Entries supplied =>
(* In the cloud-side decompression procedure described in the context, the computational cost of the transformations the cloud applies to recover a stored string $F'$ of length $n_b$ is $O(N_B + n_b\cdot N)$, where $N_B$ is the number of stored bases and $N$ is the alphabet size.
   Context: The cloud stores, for each received string $F'$ of length $n_b$ over the alphabet $\Sigma=\{0,1\}^k$ of size $N$, a record consisting of a file identifier, a pointer to a base $B$ (a sorted string of bracket IDs) kept in a set of $N_B$ bases, a string describing swaps (a bitmap of marked positions together with an array of partner positions) that transform the unsorted bracket-ID string into $B$, a string of symbol IDs, and a string of zone value IDs. Symbols are arranged in a fixed "brackets table" of four zones, where each symbol is identified by its bracket ID (column), symbol ID (row code) and the value ID of its zone. Decompression of a requested identifier proceeds as follows: (1) locate the record and retrieve its base $B$ by searching over the stored bases using the identifier; (2) read the swap information and perform the recorded swaps in reverse to recover the unsorted bracket-ID string; (3) for each position, recover the symbol from its triple (bracket ID, symbol ID, value ID) by scanning the brackets table; this yields $F'$, which is returned. *)

theory Defs
  imports Main
begin

text \<open>Every function returns its result together with the number of elementary
  steps (comparisons / swaps / table-entry inspections) it performs.\<close>

text \<open>The alphabet Sigma = {0,1}^k, of size N = 2^k.\<close>
definition sigma :: "nat \<Rightarrow> bool list set" where
  "sigma k = {xs. length xs = k}"

text \<open>A brackets-table entry: (bracket ID, symbol ID, value ID, symbol).\<close>
type_synonym entry = "nat \<times> nat \<times> nat \<times> bool list"

definition entry_sym :: "entry \<Rightarrow> bool list" where
  "entry_sym e = snd (snd (snd e))"

record crecord =
  fid :: nat
  bitmap :: "bool list"
  partners :: "nat list"
  symids :: "nat list"
  valids :: "nat list"

fun find_base :: "(nat \<times> nat list) list \<Rightarrow> nat \<Rightarrow> nat list option \<times> nat" where
  "find_base [] i = (None, 0)"
| "find_base ((j, B) # bs) i =
     (if j = i then (Some B, 1)
      else (let (r, c) = find_base bs i in (r, Suc c)))"

text \<open>The marked positions
  of the bitmap are paired (in order) with the partner array; the swaps were
  performed left to right, hence are undone right to left (foldr).\<close>
definition swap_list :: "'a list \<Rightarrow> nat \<Rightarrow> nat \<Rightarrow> 'a list" where
  "swap_list xs i j = xs[i := xs ! j, j := xs ! i]"

definition undo_swaps :: "bool list \<Rightarrow> nat list \<Rightarrow> nat list \<Rightarrow> nat list \<times> nat" where
  "undo_swaps bm ps B =
     (let marked = filter (\<lambda>i. bm ! i) [0..<length bm];
          prs = zip marked ps
      in (foldr (\<lambda>(i, j) xs. swap_list xs i j) prs B, length bm + length prs))"

fun table_lookup :: "entry list \<Rightarrow> nat \<times> nat \<times> nat \<Rightarrow> bool list option \<times> nat" where
  "table_lookup [] t = (None, 0)"
| "table_lookup ((b, s, v, x) # es) t =
     (if (b, s, v) = t then (Some x, 1)
      else (let (r, c) = table_lookup es t in (r, Suc c)))"

fun lookup_all :: "entry list \<Rightarrow> (nat \<times> nat \<times> nat) list \<Rightarrow> bool list list option \<times> nat" where
  "lookup_all tbl [] = (Some [], 0)"
| "lookup_all tbl (t # ts) =
     (let (r, c) = table_lookup tbl t;
          (rs, c') = lookup_all tbl ts
      in (case (r, rs) of (Some x, Some xs) \<Rightarrow> Some (x # xs) | _ \<Rightarrow> None, c + c'))"

definition decompress ::
  "(nat \<times> nat list) list \<Rightarrow> entry list \<Rightarrow> crecord \<Rightarrow> bool list list option \<times> nat" where
  "decompress bases tbl r =
     (case find_base bases (fid r) of
        (None, c1) \<Rightarrow> (None, c1)
      | (Some B, c1) \<Rightarrow>
          (let (U, c2) = undo_swaps (bitmap r) (partners r) B;
               (F, c3) = lookup_all tbl (zip U (zip (symids r) (valids r)))
           in (F, c1 + c2 + c3)))"

end

theory Submission
  imports Defs
begin

text \<open>Each of the three phases is a linear scan: the search for the base costs at most
  one step per stored base, undoing the swaps at most two steps per bitmap position, and
  each of the at most \<open>n_b\<close> table lookups at most one step per table entry.  Since the
  table lists every symbol of \<open>{0,1}\<^sup>k\<close> exactly once, it has \<open>N = 2\<^sup>k \<ge> 1\<close> entries, so the
  swap cost \<open>2 n_b\<close> is absorbed into \<open>n_b N\<close>.\<close>

lemma find_base_cost_le: "snd (find_base bs i) \<le> length bs"
  by (induction bs i rule: find_base.induct) (auto simp: split_beta)

lemma table_lookup_cost_le: "snd (table_lookup es t) \<le> length es"
  by (induction es t rule: table_lookup.induct) (auto simp: split_beta)

lemma lookup_all_cost_le: "snd (lookup_all tbl ts) \<le> length ts * length tbl"
proof (induction tbl ts rule: lookup_all.induct)
  case (2 tbl t ts)
  have "snd (lookup_all tbl ts) \<le> length ts * length tbl"
    using "2.IH"[OF refl prod.collapse] .
  with table_lookup_cost_le[of tbl t] show ?case by (auto simp: split_beta)
qed simp

lemma undo_swaps_cost_le: "snd (undo_swaps bm ps B) \<le> 2 * length bm"
  using length_filter_le[of "\<lambda>i. bm ! i" "[0..<length bm]"]
  by (auto simp: undo_swaps_def Let_def)

lemma decompress_cost_le:
  "snd (decompress bases tbl r)
     \<le> length bases + 2 * length (bitmap r) + length (symids r) * length tbl"
proof -
  obtain res c1 where base: "find_base bases (fid r) = (res, c1)" by fastforce
  have c1: "c1 \<le> length bases" using find_base_cost_le[of bases "fid r"] base by simp
  show ?thesis
  proof (cases res)
    case None
    then show ?thesis using base c1 by (simp add: decompress_def)
  next
    case (Some B)
    obtain U c2 where undo: "undo_swaps (bitmap r) (partners r) B = (U, c2)" by fastforce
    have c2: "c2 \<le> 2 * length (bitmap r)"
      using undo_swaps_cost_le[of "bitmap r" "partners r" B] undo by simp
    define ts where "ts = zip U (zip (symids r) (valids r))"
    obtain F c3 where lookup: "lookup_all tbl ts = (F, c3)" by fastforce
    have "c3 \<le> length ts * length tbl"
      using lookup_all_cost_le[of tbl ts] lookup by simp
    also have "\<dots> \<le> length (symids r) * length tbl" by (simp add: ts_def min.coboundedI2)
    finally have c3: "c3 \<le> length (symids r) * length tbl" .
    have "snd (decompress bases tbl r) = c1 + c2 + c3"
      using base Some undo lookup by (simp add: decompress_def ts_def)
    with c1 c2 c3 show ?thesis by linarith
  qed
qed

lemma card_sigma: "card (sigma k) = 2 ^ k"
  using card_lists_length_eq[of "UNIV :: bool set" k] by (simp add: sigma_def)

lemma length_table_eq_card_sigma:
  assumes "distinct (map entry_sym tbl)" and "set (map entry_sym tbl) = sigma k"
  shows "length tbl = card (sigma k)"
  using distinct_card[OF assms(1)] assms(2) by simp

theorem theorem4:
  "\<exists>C::nat. \<forall>(k::nat) (bases :: (nat \<times> nat list) list) (tbl :: entry list)
       (r :: crecord) (n_b :: nat).
     distinct (map entry_sym tbl) \<longrightarrow> set (map entry_sym tbl) = sigma k \<longrightarrow>
     length (bitmap r) = n_b \<longrightarrow> length (symids r) = n_b \<longrightarrow>
     length (valids r) = n_b \<longrightarrow> length (partners r) \<le> n_b \<longrightarrow>
     snd (decompress bases tbl r) \<le> C * (length bases + n_b * card (sigma k))"
proof (intro exI[of _ 3] allI impI)
  fix k bases tbl and r :: crecord and n_b
  assume "distinct (map entry_sym tbl)" and "set (map entry_sym tbl) = sigma k"
    and "length (bitmap r) = n_b" and "length (symids r) = n_b"
  then have "snd (decompress bases tbl r) \<le> length bases + 2 * n_b + n_b * 2 ^ k"
    using decompress_cost_le[of bases tbl r] length_table_eq_card_sigma card_sigma by simp
  also have "\<dots> \<le> 3 * (length bases + n_b * 2 ^ k)"
  proof -
    have "n_b \<le> n_b * 2 ^ k" by simp
    then show ?thesis unfolding distrib_left by linarith
  qed
  finally show "snd (decompress bases tbl r) \<le> 3 * (length bases + n_b * card (sigma k))"
    by (simp add: card_sigma)
qed

end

What you will do => With the first line being the one containing "add: ts_def min.coboundedI2)" and the last line the one containing "length (valids r)", transcribe exactly the lines above that fall in that range.

Answer to the problem =>
    also have "\<dots> \<le> length (symids r) * length tbl" by (simp add: ts_def min.coboundedI2)
    finally have c3: "c3 \<le> length (symids r) * length tbl" .
    have "snd (decompress bases tbl r) = c1 + c2 + c3"
      using base Some undo lookup by (simp add: decompress_def ts_def)
    with c1 c2 c3 show ?thesis by linarith
  qed
qed

lemma card_sigma: "card (sigma k) = 2 ^ k"
  using card_lists_length_eq[of "UNIV :: bool set" k] by (simp add: sigma_def)

lemma length_table_eq_card_sigma:
  assumes "distinct (map entry_sym tbl)" and "set (map entry_sym tbl) = sigma k"
  shows "length tbl = card (sigma k)"
  using distinct_card[OF assms(1)] assms(2) by simp

theorem theorem4:
  "\<exists>C::nat. \<forall>(k::nat) (bases :: (nat \<times> nat list) list) (tbl :: entry list)
       (r :: crecord) (n_b :: nat).
     distinct (map entry_sym tbl) \<longrightarrow> set (map entry_sym tbl) = sigma k \<longrightarrow>
     length (bitmap r) = n_b \<longrightarrow> length (symids r) = n_b \<longrightarrow>
     length (valids r) = n_b \<longrightarrow> length (partners r) \<le> n_b \<longrightarrow>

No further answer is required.